(Records from a collection)

lemma x_a_x: "x * a * x = x"
proof -
  have "x * a * x = x * a * (a * (x * x))"
    by (simp only: a_x_x)
  also have "\<dots> = x * a * (a * x) * x"
    by (simp only: mult.assoc)
  also have "\<dots> = a * x * x"
    by (simp only: x_a_ax)
  also have "\<dots> = x"
    by (simp only: mult.assoc a_x_x)
  finally show ?thesis .
qed

lemma ax_idempotent: "a * x * (a * x) = a * x"
  using x_a_x by (simp add: mult.assoc)

lemma a_ax: "a * (a * x) = a * x * a * (a * x)"
  using x_a_ax by (simp add: mult.assoc)

lemma power_a_ax: "a ^ k * (a * x) = a * x * a ^ k * (a * x)"
proof (induction k)
  case 0
  show ?case using ax_idempotent by simp
next
  case (Suc k)
  have "a ^ Suc k * (a * x) = a * (a ^ k * (a * x))"
    by (simp only: power_Suc mult.assoc)
  also have "\<dots> = a * (a * x) * a ^ k * (a * x)"
    by (subst Suc.IH) (simp only: mult.assoc)
  also have "\<dots> = a * x * a * (a * x) * a ^ k * (a * x)"
    by (simp only: a_ax)
  also have "\<dots> = a * x * a * (a * x * a ^ k * (a * x))"
    by (simp only: mult.assoc)
  also have "\<dots> = a * x * a * (a ^ k * (a * x))"
    by (simp only: Suc.IH)
  also have "\<dots> = a * x * a ^ Suc k * (a * x)"
    by (simp only: power_Suc mult.assoc)
  finally show ?case .
qed

lemma x_power_a_x: "x * a ^ Suc k * x = a ^ k * x"
proof -
  have "x * a ^ Suc k * x = x * a * (a ^ k * (a * (x * x)))"
    by (simp only: power_Suc mult.assoc a_x_x)
  also have "\<dots> = x * a * (a ^ k * (a * x)) * x"
    by (simp only: mult.assoc)
  also have "\<dots> = x * a * (a * x * a ^ k * (a * x)) * x"
    by (simp only: power_a_ax)
  also have "\<dots> = x * a * (a * x) * a ^ k * (a * x) * x"
    by (simp only: mult.assoc)
  also have "\<dots> = a * x * a ^ k * (a * x) * x"
    by (simp only: x_a_ax)
  also have "\<dots> = a ^ k * (a * x) * x"
    by (simp only: power_a_ax)
  also have "\<dots> = a ^ k * x"
    by (simp only: mult.assoc a_x_x)
  finally show ?thesis .
qed

lemma power_x_power_a_x: "x ^ k * a ^ k * x = x"
proof (induction k)
  case (Suc k)
  have "x ^ Suc k * a ^ Suc k * x = x ^ k * (x * a ^ Suc k * x)"
    by (simp only: power_Suc2 mult.assoc)
  also have "\<dots> = x ^ k * (a ^ k * x)"
    by (simp only: x_power_a_x)
  also have "\<dots> = x"
    using Suc.IH by (simp only: mult.assoc[symmetric])
  finally show ?case .
qed simp

definition drazin_approx :: "nat \<Rightarrow> 'a" where
  "drazin_approx n = x ^ Suc n * a ^ n"

definition drazin_series :: 'a where
  "drazin_series = x - (\<Sum>j. x ^ Suc j * (a ^ j - x * a ^ (j + 1)))"

lemma drazin_approx_identities:
  shows "a * drazin_approx (Suc n) * drazin_approx (Suc n) = drazin_approx (Suc n)"
    and "drazin_approx n * a = a * drazin_approx (Suc n)"
    and "a * drazin_approx (Suc n) * x = x"
    and "a * x * drazin_approx n = drazin_approx n"
proof -
  have "a * drazin_approx (Suc n) * drazin_approx (Suc n)
      = a * x ^ Suc (Suc n) * (a ^ Suc n * x ^ Suc (Suc n)) * a ^ Suc n"
    by (simp only: drazin_approx_def mult.assoc)
  also have "\<dots> = x ^ Suc n * x * a ^ Suc n"
    by (simp only: a_power_x_Suc power_a_power_x_Suc mult.assoc[symmetric])
  finally show "a * drazin_approx (Suc n) * drazin_approx (Suc n) = drazin_approx (Suc n)"
    by (simp only: drazin_approx_def power_Suc2)
  have "drazin_approx n * a = x ^ Suc n * a ^ Suc n"
    by (simp only: drazin_approx_def mult.assoc power_Suc2)
  also have "\<dots> = a * drazin_approx (Suc n)"
    by (simp only: drazin_approx_def mult.assoc[symmetric] a_power_x_Suc)
  finally show "drazin_approx n * a = a * drazin_approx (Suc n)" .
  have "a * drazin_approx (Suc n) * x = x ^ Suc n * a ^ Suc n * x"
    by (simp only: drazin_approx_def mult.assoc[symmetric] a_power_x_Suc)
  then show "a * drazin_approx (Suc n) * x = x"
    by (simp only: power_x_power_a_x)
  have "a * x * drazin_approx n = a * (x * x) * x ^ n * a ^ n"
    by (simp only: drazin_approx_def power_Suc mult.assoc)
  then show "a * x * drazin_approx n = drazin_approx n"
    by (simp only: a_x_x drazin_approx_def power_Suc mult.assoc)
qed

**Task brief:** Each record above needs to be reproduced exactly as written.

**Exercise output:**
lemma x_a_x: "x * a * x = x"
proof -
  have "x * a * x = x * a * (a * (x * x))"
    by (simp only: a_x_x)
  also have "\<dots> = x * a * (a * x) * x"
    by (simp only: mult.assoc)
  also have "\<dots> = a * x * x"
    by (simp only: x_a_ax)
  also have "\<dots> = x"
    by (simp only: mult.assoc a_x_x)
  finally show ?thesis .
qed

lemma ax_idempotent: "a * x * (a * x) = a * x"
  using x_a_x by (simp add: mult.assoc)

lemma a_ax: "a * (a * x) = a * x * a * (a * x)"
  using x_a_ax by (simp add: mult.assoc)

lemma power_a_ax: "a ^ k * (a * x) = a * x * a ^ k * (a * x)"
proof (induction k)
  case 0
  show ?case using ax_idempotent by simp
next
  case (Suc k)
  have "a ^ Suc k * (a * x) = a * (a ^ k * (a * x))"
    by (simp only: power_Suc mult.assoc)
  also have "\<dots> = a * (a * x) * a ^ k * (a * x)"
    by (subst Suc.IH) (simp only: mult.assoc)
  also have "\<dots> = a * x * a * (a * x) * a ^ k * (a * x)"
    by (simp only: a_ax)
  also have "\<dots> = a * x * a * (a * x * a ^ k * (a * x))"
    by (simp only: mult.assoc)
  also have "\<dots> = a * x * a * (a ^ k * (a * x))"
    by (simp only: Suc.IH)
  also have "\<dots> = a * x * a ^ Suc k * (a * x)"
    by (simp only: power_Suc mult.assoc)
  finally show ?case .
qed

lemma x_power_a_x: "x * a ^ Suc k * x = a ^ k * x"
proof -
  have "x * a ^ Suc k * x = x * a * (a ^ k * (a * (x * x)))"
    by (simp only: power_Suc mult.assoc a_x_x)
  also have "\<dots> = x * a * (a ^ k * (a * x)) * x"
    by (simp only: mult.assoc)
  also have "\<dots> = x * a * (a * x * a ^ k * (a * x)) * x"
    by (simp only: power_a_ax)
  also have "\<dots> = x * a * (a * x) * a ^ k * (a * x) * x"
    by (simp only: mult.assoc)
  also have "\<dots> = a * x * a ^ k * (a * x) * x"
    by (simp only: x_a_ax)
  also have "\<dots> = a ^ k * (a * x) * x"
    by (simp only: power_a_ax)
  also have "\<dots> = a ^ k * x"
    by (simp only: mult.assoc a_x_x)
  finally show ?thesis .
qed

lemma power_x_power_a_x: "x ^ k * a ^ k * x = x"
proof (induction k)
  case (Suc k)
  have "x ^ Suc k * a ^ Suc k * x = x ^ k * (x * a ^ Suc k * x)"
    by (simp only: power_Suc2 mult.assoc)
  also have "\<dots> = x ^ k * (a ^ k * x)"
    by (simp only: x_power_a_x)
  also have "\<dots> = x"
    using Suc.IH by (simp only: mult.assoc[symmetric])
  finally show ?case .
qed simp

definition drazin_approx :: "nat \<Rightarrow> 'a" where
  "drazin_approx n = x ^ Suc n * a ^ n"

definition drazin_series :: 'a where
  "drazin_series = x - (\<Sum>j. x ^ Suc j * (a ^ j - x * a ^ (j + 1)))"

lemma drazin_approx_identities:
  shows "a * drazin_approx (Suc n) * drazin_approx (Suc n) = drazin_approx (Suc n)"
    and "drazin_approx n * a = a * drazin_approx (Suc n)"
    and "a * drazin_approx (Suc n) * x = x"
    and "a * x * drazin_approx n = drazin_approx n"
proof -
  have "a * drazin_approx (Suc n) * drazin_approx (Suc n)
      = a * x ^ Suc (Suc n) * (a ^ Suc n * x ^ Suc (Suc n)) * a ^ Suc n"
    by (simp only: drazin_approx_def mult.assoc)
  also have "\<dots> = x ^ Suc n * x * a ^ Suc n"
    by (simp only: a_power_x_Suc power_a_power_x_Suc mult.assoc[symmetric])
  finally show "a * drazin_approx (Suc n) * drazin_approx (Suc n) = drazin_approx (Suc n)"
    by (simp only: drazin_approx_def power_Suc2)
  have "drazin_approx n * a = x ^ Suc n * a ^ Suc n"
    by (simp only: drazin_approx_def mult.assoc power_Suc2)
  also have "\<dots> = a * drazin_approx (Suc n)"
    by (simp only: drazin_approx_def mult.assoc[symmetric] a_power_x_Suc)
  finally show "drazin_approx n * a = a * drazin_approx (Suc n)" .
  have "a * drazin_approx (Suc n) * x = x ^ Suc n * a ^ Suc n * x"
    by (simp only: drazin_approx_def mult.assoc[symmetric] a_power_x_Suc)
  then show "a * drazin_approx (Suc n) * x = x"
    by (simp only: power_x_power_a_x)
  have "a * x * drazin_approx n = a * (x * x) * x ^ n * a ^ n"
    by (simp only: drazin_approx_def power_Suc mult.assoc)
  then show "a * x * drazin_approx n = drazin_approx n"
    by (simp only: a_x_x drazin_approx_def power_Suc mult.assoc)
qed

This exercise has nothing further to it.